══ Data to process
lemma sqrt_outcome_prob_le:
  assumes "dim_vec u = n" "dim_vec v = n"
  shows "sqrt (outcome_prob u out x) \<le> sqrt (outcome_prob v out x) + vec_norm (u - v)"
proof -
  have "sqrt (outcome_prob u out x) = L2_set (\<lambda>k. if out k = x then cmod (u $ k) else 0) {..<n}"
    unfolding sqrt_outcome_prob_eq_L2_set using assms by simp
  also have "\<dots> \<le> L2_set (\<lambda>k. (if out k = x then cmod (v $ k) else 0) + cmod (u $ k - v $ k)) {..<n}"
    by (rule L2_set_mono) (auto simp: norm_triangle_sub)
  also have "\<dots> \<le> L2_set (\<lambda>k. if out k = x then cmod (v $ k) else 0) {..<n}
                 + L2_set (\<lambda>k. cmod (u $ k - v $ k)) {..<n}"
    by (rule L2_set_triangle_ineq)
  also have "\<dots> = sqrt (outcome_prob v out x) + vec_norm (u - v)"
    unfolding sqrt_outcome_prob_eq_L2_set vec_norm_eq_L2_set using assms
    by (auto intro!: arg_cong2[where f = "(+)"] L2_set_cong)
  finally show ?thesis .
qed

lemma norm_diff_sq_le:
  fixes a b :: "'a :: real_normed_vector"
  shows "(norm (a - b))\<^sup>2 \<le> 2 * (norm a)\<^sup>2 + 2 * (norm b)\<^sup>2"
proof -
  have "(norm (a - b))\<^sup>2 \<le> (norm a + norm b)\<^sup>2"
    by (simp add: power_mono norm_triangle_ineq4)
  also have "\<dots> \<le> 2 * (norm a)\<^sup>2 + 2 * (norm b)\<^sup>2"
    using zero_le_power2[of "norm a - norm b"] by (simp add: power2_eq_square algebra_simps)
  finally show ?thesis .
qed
════
Lines after the one containing "b))\<^sup>2 \<le> (norm" are not wanted; repeat exactly each line above from the first up to and including it.

> **The answer**
lemma sqrt_outcome_prob_le:
  assumes "dim_vec u = n" "dim_vec v = n"
  shows "sqrt (outcome_prob u out x) \<le> sqrt (outcome_prob v out x) + vec_norm (u - v)"
proof -
  have "sqrt (outcome_prob u out x) = L2_set (\<lambda>k. if out k = x then cmod (u $ k) else 0) {..<n}"
    unfolding sqrt_outcome_prob_eq_L2_set using assms by simp
  also have "\<dots> \<le> L2_set (\<lambda>k. (if out k = x then cmod (v $ k) else 0) + cmod (u $ k - v $ k)) {..<n}"
    by (rule L2_set_mono) (auto simp: norm_triangle_sub)
  also have "\<dots> \<le> L2_set (\<lambda>k. if out k = x then cmod (v $ k) else 0) {..<n}
                 + L2_set (\<lambda>k. cmod (u $ k - v $ k)) {..<n}"
    by (rule L2_set_triangle_ineq)
  also have "\<dots> = sqrt (outcome_prob v out x) + vec_norm (u - v)"
    unfolding sqrt_outcome_prob_eq_L2_set vec_norm_eq_L2_set using assms
    by (auto intro!: arg_cong2[where f = "(+)"] L2_set_cong)
  finally show ?thesis .
qed

lemma norm_diff_sq_le:
  fixes a b :: "'a :: real_normed_vector"
  shows "(norm (a - b))\<^sup>2 \<le> 2 * (norm a)\<^sup>2 + 2 * (norm b)\<^sup>2"
proof -
  have "(norm (a - b))\<^sup>2 \<le> (norm a + norm b)\<^sup>2"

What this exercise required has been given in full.